Fermented foods are popping up everywhere these days, but are they really good for you? Let’s explore this with the story of Donna Schwenk. Thirteen years ago, Donna was 41 and pregnant with her third child when she developed preeclampsia, causing severe health issues. Her baby, Holli, had to be delivered early, weighing only four pounds. Donna faced diabetes, high blood pressure, and extreme fatigue, struggling to care for her newborn.
Desperate for a solution, Donna found a book about the Body Ecology Diet and its mention of kefir, a fermented milk drink full of beneficial bacteria. Encouraged by a health store assistant, she tried adding kefir to Holli’s bottles. Remarkably, Holli gained weight, and Donna’s health started improving too. Within three months, her blood sugar and blood pressure normalized, and she felt better than she had in years. Convinced of the power of fermented foods, Donna wrote her own book and became a part of a PBS special highlighting the health benefits of foods like kefir, yogurt, and sauerkraut.

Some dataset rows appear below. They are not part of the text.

(* Let $M$ be a timelike surface in $\mathbb{R}^{n,1}$ with a canonical null direction with respect to a constant unit spacelike vector $Z$, and let $W$ be as below. Then $$\nabla^\perp_W\vec H=-\nabla^\perp_{Z^\top}\big(II(W,W)\big),\qquad |\vec H|^2=-\langle\nabla^\perp_W\vec H,Z^\perp\rangle,$$ and the Gaussian curvature satisfies $$K=|\vec H|^2-\langle II(W,W),II(Z^\top,Z^\top)\rangle.$$
   Context: $\mathbb{R}^{n,1}$ is $\mathbb{R}^{n+1}$ with the metric $-dx_1^2+dx_2^2+\dots+dx_{n+1}^2$. A surface is timelike if the induced metric has signature $(1,1)$; a vector $v$ is lightlike if $v\ne0$ and $\langle v,v\rangle=0$. For a constant vector $Z$, $Z=Z^\top+Z^\perp$ along $M$; $M$ has a canonical null direction with respect to $Z$ if $Z^\top$ is lightlike everywhere on $M$. $W$ is the unique lightlike tangent field with $\langle Z^\top,W\rangle=-1$. $II$ is the second fundamental form, $\nabla^\perp$ the normal connection, $\vec H=\frac12\operatorname{tr}_{\langle,\rangle}II$ the mean curvature vector (which equals $-II(Z^\top,W)$), $|\vec H|^2:=\langle\vec H,\vec H\rangle$, and $K$ the Gaussian curvature of $M$. *)

theory Defs
  imports "HOL-Analysis.Analysis"
begin

text \<open>Minkowski space R^{n,1} is modelled as real \<times> real^'n: the first component is the
 time coordinate x_1, the second the space coordinates x_2..x_{n+1}.
 A surface is given by a local parametrisation X defined on an open set U of R^2 = real \<times> real.\<close>

type_synonym 'n mink = "real \<times> (real ^ 'n)"

definition mink :: "'n::finite mink \<Rightarrow> 'n mink \<Rightarrow> real" where
  "mink x y = - fst x * fst y + snd x \<bullet> snd y"

fun dd :: "(real \<times> real) list \<Rightarrow> (real \<times> real \<Rightarrow> 'a::real_normed_vector) \<Rightarrow> real \<times> real \<Rightarrow> 'a" where
  "dd [] f = f"
| "dd (h # hs) f = (\<lambda>p. frechet_derivative (dd hs f) (at p) h)"

definition smooth_on :: "(real \<times> real) set \<Rightarrow> (real \<times> real \<Rightarrow> 'a::real_normed_vector) \<Rightarrow> bool" where
  "smooth_on U f \<longleftrightarrow> (\<forall>hs. \<forall>p\<in>U. dd hs f differentiable (at p))"

definition ebasis :: "nat \<Rightarrow> real \<times> real" where
  "ebasis i = (if i = 0 then (1, 0) else (0, 1))"

definition ctan :: "(real \<times> real \<Rightarrow> 'n::finite mink) \<Rightarrow> real \<times> real \<Rightarrow> nat \<Rightarrow> 'n mink" where
  "ctan X p i = frechet_derivative X (at p) (ebasis i)"

definition metric :: "(real \<times> real \<Rightarrow> 'n::finite mink) \<Rightarrow> real \<times> real \<Rightarrow> nat \<Rightarrow> nat \<Rightarrow> real" where
  "metric X p i j = mink (ctan X p i) (ctan X p j)"

definition gdet :: "(real \<times> real \<Rightarrow> 'n::finite mink) \<Rightarrow> real \<times> real \<Rightarrow> real" where
  "gdet X p = metric X p 0 0 * metric X p 1 1 - metric X p 0 1 * metric X p 1 0"

definition ginv :: "(real \<times> real \<Rightarrow> 'n::finite mink) \<Rightarrow> real \<times> real \<Rightarrow> nat \<Rightarrow> nat \<Rightarrow> real" where
  "ginv X p i j =
     (if i = 0 \<and> j = 0 then metric X p 1 1 / gdet X p
      else if i = 1 \<and> j = 1 then metric X p 0 0 / gdet X p
      else - metric X p 0 1 / gdet X p)"

definition tangent_space :: "(real \<times> real \<Rightarrow> 'n::finite mink) \<Rightarrow> real \<times> real \<Rightarrow> 'n mink set" where
  "tangent_space X p = span {ctan X p 0, ctan X p 1}"

definition tproj :: "(real \<times> real \<Rightarrow> 'n::finite mink) \<Rightarrow> real \<times> real \<Rightarrow> 'n mink \<Rightarrow> 'n mink" where
  "tproj X p v = (\<Sum>i<2. \<Sum>j<2. (ginv X p i j * mink v (ctan X p j)) *\<^sub>R ctan X p i)"

definition nproj :: "(real \<times> real \<Rightarrow> 'n::finite mink) \<Rightarrow> real \<times> real \<Rightarrow> 'n mink \<Rightarrow> 'n mink" where
  "nproj X p v = v - tproj X p v"

text \<open>Coordinates (a,b) of a tangent vector v = a \<partial>_0 X + b \<partial>_1 X.\<close>
definition coord :: "(real \<times> real \<Rightarrow> 'n::finite mink) \<Rightarrow> real \<times> real \<Rightarrow> 'n mink \<Rightarrow> real \<times> real" where
  "coord X p v = (\<Sum>i<2. \<Sum>j<2. (ginv X p i j * mink v (ctan X p j)) *\<^sub>R ebasis i)"

definition dirD :: "(real \<times> real \<Rightarrow> 'n::finite mink) \<Rightarrow> (real \<times> real \<Rightarrow> 'n mink) \<Rightarrow> real \<times> real \<Rightarrow> 'n mink \<Rightarrow> 'n mink" where
  "dirD X F p v = frechet_derivative F (at p) (coord X p v)"

text \<open>Second fundamental form II(v,w) = (D_v w~)^\<perp>, computed from the second derivative of X.\<close>
definition II :: "(real \<times> real \<Rightarrow> 'n::finite mink) \<Rightarrow> real \<times> real \<Rightarrow> 'n mink \<Rightarrow> 'n mink \<Rightarrow> 'n mink" where
  "II X p v w = nproj X p
     (frechet_derivative (\<lambda>q. frechet_derivative X (at q) (coord X p w)) (at p) (coord X p v))"

definition Hvec :: "(real \<times> real \<Rightarrow> 'n::finite mink) \<Rightarrow> real \<times> real \<Rightarrow> 'n mink" where
  "Hvec X p = (1/2) *\<^sub>R (\<Sum>i<2. \<Sum>j<2. ginv X p i j *\<^sub>R II X p (ctan X p i) (ctan X p j))"

definition nabla_perp :: "(real \<times> real \<Rightarrow> 'n::finite mink) \<Rightarrow> (real \<times> real \<Rightarrow> 'n mink) \<Rightarrow> real \<times> real \<Rightarrow> 'n mink \<Rightarrow> 'n mink" where
  "nabla_perp X \<xi> p v = nproj X p (dirD X \<xi> p v)"

text \<open>Intrinsic Gaussian curvature of the induced metric: Christoffel symbols,
 Riemann tensor R(\<partial>_i,\<partial>_j)\<partial>_k = R^l_ijk \<partial>_l with
 R(X,Y)Z = \<nabla>_X\<nabla>_Y Z - \<nabla>_Y\<nabla>_X Z - \<nabla>_[X,Y] Z, and K = g(R(\<partial>_0,\<partial>_1)\<partial>_1,\<partial>_0)/det g.\<close>
definition dmetric :: "(real \<times> real \<Rightarrow> 'n::finite mink) \<Rightarrow> real \<times> real \<Rightarrow> nat \<Rightarrow> nat \<Rightarrow> nat \<Rightarrow> real" where
  "dmetric X p i j l = frechet_derivative (\<lambda>q. metric X q j l) (at p) (ebasis i)"

definition christoffel :: "(real \<times> real \<Rightarrow> 'n::finite mink) \<Rightarrow> real \<times> real \<Rightarrow> nat \<Rightarrow> nat \<Rightarrow> nat \<Rightarrow> real" where
  "christoffel X p k i j = (1/2) * (\<Sum>l<2. ginv X p k l *
      (dmetric X p i j l + dmetric X p j i l - dmetric X p l i j))"
(* Let $\Pi$ be a ground HEX-program, let $\hat{\mathbf{A}}$ be a compatible set of $\Pi$, and let $\mathbf{A}$ be the restriction of $\hat{\mathbf{A}}$ to the non-replacement (ordinary) atoms. Suppose the atom dependency graph of $\Pi$ contains no e-cycle under $\rightarrow^{d}$, and the guessing program $\hat{\Pi}$ has no nonempty unfounded set with respect to $\hat{\mathbf{A}}$. Then $\mathbf{A}$ is unfounded-free for $\Pi$, i.e. $\mathbf{A}^{\mathbf{T}}\cap X=\emptyset$ for every unfounded set $X$ of $\Pi$ with respect to $\mathbf{A}$.
   Context: Ground HEX-programs. A ground ordinary atom is $p(c_1,\dots,c_\ell)$ with predicate $p$ and constants $c_i$. A ground external atom is $\&g[\vec p](\vec c)$ with input list $\vec p=p_1,\dots,p_k$ (predicate names or constants) and output list $\vec c$ of constants. A ground HEX-program is a finite set of rules $r$: $a_1\lor\dots\lor a_k\leftarrow b_1,\dots,b_m,\mathrm{not}\,b_{m+1},\dots,\mathrm{not}\,b_n$, where the $a_i$ are ordinary ground atoms and each $b_j$ is an ordinary ground atom or ground external atom; $H(r)=\{a_1,\dots,a_k\}$, $B^+(r)=\{b_1,\dots,b_m\}$, $B^-(r)=\{b_{m+1},\dots,b_n\}$, $B(r)$ is the set of body literals. $A(\Pi)$ is the set of ordinary atoms occurring in $\Pi$. Interpretations. An interpretation $\mathbf{A}$ is a complete consistent set of signed literals $\mathbf{T}a$/$\mathbf{F}a$ over ground atoms; $\mathbf{A}^{\mathbf{T}}=\{a\mid \mathbf{T}a\in\mathbf{A}\}$. $\mathbf{A}\models a$ for ordinary $a$ iff $\mathbf{T}a\in\mathbf{A}$; each external predicate $\&g$ has a Boolean oracle $f_{\&g}(\mathbf{A},\vec p,\vec c)$ whose value depends only on the extensions in $\mathbf{A}$ of the input predicates in $\vec p$ (and on $\vec p,\vec c$), and $\mathbf{A}\models\&g[\vec p](\vec c)$ iff $f_{\&g}(\mathbf{A},\vec p,\vec c)=1$; $\mathbf{A}\models\mathrm{not}\,b$ iff $\mathbf{A}\not\models b$. Unfounded sets. For a program $\Pi$, interpretation $\mathbf{A}$ and a set $X$ of ordinary ground atoms appearing in $\Pi$, let $\mathbf{A}\,\dot\cup\neg.\,X=(\mathbf{A}\setminus\{\mathbf{T}a\mid a\in X\})\cup\{\mathbf{F}a\mid a\in X\}$. $X$ is an unfounded set of $\Pi$ w.r.t. $\mathbf{A}$ iff for every rule $r\in\Pi$ with $H(r)\cap X\neq\emptyset$ at least one holds: (i) some literal of $B(r)$ is false w.r.t. $\mathbf{A}$; (ii) some literal of $B(r)$ is false w.r.t. $\mathbf{A}\,\dot\cup\neg.\,X$; (iii) some atom of $H(r)\setminus X$ is true w.r.t. $\mathbf{A}$. Guessing program and compatible sets. $\hat\Pi$ is obtained from $\Pi$ by replacing each external atom $\&g[\vec p](\vec c)$ by a new ordinary replacement atom $e_{\&g[\vec p]}(\vec c)$ and adding the rule $e_{\&g[\vec p]}(\vec c)\lor ne_{\&g[\vec p]}(\vec c)\leftarrow$. A compatible set of $\Pi$ is an interpretation $\hat{\mathbf{A}}$ that is an answer set (Gelfond–Lifschitz) of $\hat\Pi$ and such that $f_{\&g}(\hat{\mathbf{A}},\vec p,\vec c)=1$ iff $\mathbf{T}e_{\&g[\vec p]}(\vec c)\in\hat{\mathbf{A}}$ for all external atoms $\&g[\vec p](\vec c)$ of $\Pi$. Dependencies. For ground atoms $x,y$: $x\rightarrow y$ iff some rule $r\in\Pi$ has $x\in H(r)$ and $y\in B^+(r)$; $x\rightarrow_e y$ iff some rule $r\in\Pi$ has $x\in H(r)$ and an external atom $\&g[q_1,\dots,q_n](\vec e)\in B^+(r)\cup B^-(r)$ with $q_i$ equal to the predicate of $y$ for some $i$ (edges of the second kind are called e-edges). Let $\rightarrow^d=\rightarrow\cup\leftarrow\cup\rightarrow_e$ where $\leftarrow$ is the inverse of $\rightarrow$. A cycle under a relation $\circ$ is a sequence $c_0,\dots,c_{n+1}$, $n\ge0$, with $(c_i,c_{i+1})\in\circ$ for all $0\le i\le n$ and $c_0=c_{n+1}$; an e-cycle is a cycle under $\rightarrow^d$ with $(c_i,c_{i+1})\in\rightarrow_e$ for some $i$. *)

theory Defs
  imports Main
begin
(* Let $g=(g_1,\dots,g_m)$ be real polynomials in $x\in\mathbb R^n$ with $V_{\mathbb R}(g)\neq\emptyset$, and let $d\ge1$. (i) If $V_{\mathbb R}(g)$ is compact, then for $f\in\mathbb R[x]_{\le d}$: $\delta_g(f)>0\iff f\in\operatorname{int}P_d(g)$, and $\delta_g(f)=0\iff f\in\partial P_d(g)$. (ii) If $V^h_{\mathbb R}(g)$ is closed at $\infty$, then for $f\in\mathbb R[x]_{\le d}$: $\delta^h_g(f)>0\iff f\in\operatorname{int}P_d(g)$, and $\delta^h_g(f)=0\iff f\in\partial P_d(g)$.
   Context: $\mathbb R[x]_{\le d}$ is the finite-dimensional space of real polynomials in $x=(x_1,\dots,x_n)$ of degree at most $d$; interior and boundary are taken there in the Euclidean topology. $V_{\mathbb R}(g)=\{x\in\mathbb R^n:g_1(x)=\dots=g_m(x)=0\}$ and $P_d(g)=\{f\in\mathbb R[x]_{\le d}: f(x)\ge0\ \forall x\in V_{\mathbb R}(g)\}$. With $\tilde x=(x_0,x_1,\dots,x_n)$: for $f\in\mathbb R[x]_{\le d}$, $f^h(\tilde x)=x_0^df(x/x_0)$; for each $g_i$ of degree $d_i$, $g_i^h(\tilde x)=x_0^{d_i}g_i(x/x_0)$. $V^h_{\mathbb R}(g)=\{\tilde x\in\mathbb R^{n+1}:g_1^h(\tilde x)=\dots=g_m^h(\tilde x)=0\}$; it is closed at $\infty$ if $V^h_{\mathbb R}(g)\cap\{x_0\ge0\}$ equals the Euclidean closure of $V^h_{\mathbb R}(g)\cap\{x_0>0\}$. Define $\delta_g(f)=\min_{x\in V_{\mathbb R}(g)}f(x)$ and $\delta^h_g(f)=\min\{f^h(\tilde x):\tilde x\in V^h_{\mathbb R}(g),\ \|\tilde x\|_2=1,\ x_0\ge0\}$. *)

theory Defs
  imports "HOL-Analysis.Analysis"
begin

text \<open>Real polynomials in the variables indexed by the finite type 'n are represented
  by their coefficient functions on monomials (exponent vectors 'n \<Rightarrow> nat).  Points of R^n are vectors real^'n;
  points of R^(n+1) are pairs (x0, x) :: real \<times> (real^'n) (Euclidean norm).\<close>

type_synonym 'n mpoly_c = "('n \<Rightarrow> nat) \<Rightarrow> real"

definition mdeg :: "('n::finite \<Rightarrow> nat) \<Rightarrow> nat" where
  "mdeg \<alpha> = (\<Sum>i\<in>UNIV. \<alpha> i)"

definition is_poly :: "'n mpoly_c \<Rightarrow> bool" where
  "is_poly c \<longleftrightarrow> finite {\<alpha>. c \<alpha> \<noteq> 0}"

definition pdeg :: "('n::finite) mpoly_c \<Rightarrow> nat" where
  "pdeg c = Max (insert 0 (mdeg ` {\<alpha>. c \<alpha> \<noteq> 0}))"

definition peval :: "('n::finite) mpoly_c \<Rightarrow> real^'n \<Rightarrow> real" where
  "peval c x = (\<Sum>\<alpha>\<in>{\<alpha>. c \<alpha> \<noteq> 0}. c \<alpha> * (\<Prod>i\<in>UNIV. (x $ i) ^ \<alpha> i))"

text \<open>Homogenization with respect to a given degree e: x0^e * c(x/x0).\<close>
definition hom_eval :: "nat \<Rightarrow> ('n::finite) mpoly_c \<Rightarrow> real \<times> (real^'n) \<Rightarrow> real" where
  "hom_eval e c y = (\<Sum>\<alpha>\<in>{\<alpha>. c \<alpha> \<noteq> 0}.
      c \<alpha> * fst y ^ (e - mdeg \<alpha>) * (\<Prod>i\<in>UNIV. (snd y $ i) ^ \<alpha> i))"

definition PolySp :: "nat \<Rightarrow> ('n::finite) mpoly_c set" where
  "PolySp d = {c. \<forall>\<alpha>. c \<alpha> \<noteq> 0 \<longrightarrow> mdeg \<alpha> \<le> d}"

definition VR :: "('n::finite) mpoly_c list \<Rightarrow> (real^'n) set" where
  "VR gs = {x. \<forall>g\<in>set gs. peval g x = 0}"

definition VRh :: "('n::finite) mpoly_c list \<Rightarrow> (real \<times> (real^'n)) set" where
  "VRh gs = {y. \<forall>g\<in>set gs. hom_eval (pdeg g) g y = 0}"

Fermented foods are experiencing a resurgence due to their potential health benefits. For instance, home fermentation advocate Michael Pollan has shared his passion for DIY fermentation, filling his kitchen with various jars and bottles of homemade ferments. Nutritionist Kimberly Snyder, who works with celebrities, advises her clients to incorporate fermented vegetables into their diet daily. She claims it helps with weight loss, skin health, and energy levels.
The gut is now recognized as central to overall health. Clinical nutritionist Kathie Swift, author of The Swift Diet, always starts with gut health in her practice. Unbalanced gut bacteria can impact various areas of health, from digestion to the immune system and even mood, as 70% of our immune system and crucial mood-regulating chemicals like serotonin are produced in the gut.
Recent studies have shown promising results when gut bacteria are balanced. For example, transferring gut bacteria from lean to obese mice caused weight loss in the latter. Similarly, changing the gut bacteria in anxious mice made them calmer.
Our gut hosts about 100 trillion bacteria, but factors like age, diet, and medication can disrupt this balance. Registered nutritional therapist Daniel O’Shaughnessy explains that too much sugar and refined carbs feed bad bacteria, causing gut health issues over time. Addressing this imbalance with good bacteria from fermented foods can alleviate various problems, including food intolerances and chronic fatigue.
While supermarket probiotic drinks often contain high sugar levels and transient bacteria, incorporating a diverse range of fermented foods can provide a broader variety of beneficial bacteria. For example, kefir, sauerkraut, and kombucha each offer different strains that contribute to overall gut health.
Fermenting foods isn’t new; it’s been part of traditional diets globally for centuries. Author Jill Ciciarelli highlights that fermented foods made nutrients more available and aided digestion due to their natural acids. From Korean kimchi to German sauerkraut, many cultures include fermented foods in their cuisine. Japan, known for its long life expectancy, regularly consumes fermented foods such as miso soup and natto.
Remember, moderation and variety are key when adding fermented foods to your diet. Overconsumption can cause digestive issues. Start with small amounts and gradually increase to avoid any discomfort. Look for products with raw, live cultures instead of pasteurized versions. If you’re up for it, making your own fermented foods at home is simple and worthwhile.
To sum up, fermented foods like kefir, miso, sauerkraut, coconut yogurt, and kombucha can offer various health benefits. They support gut health and overall well-being when included wisely and in moderation. So, give them a try and see how they can enhance your diet and health.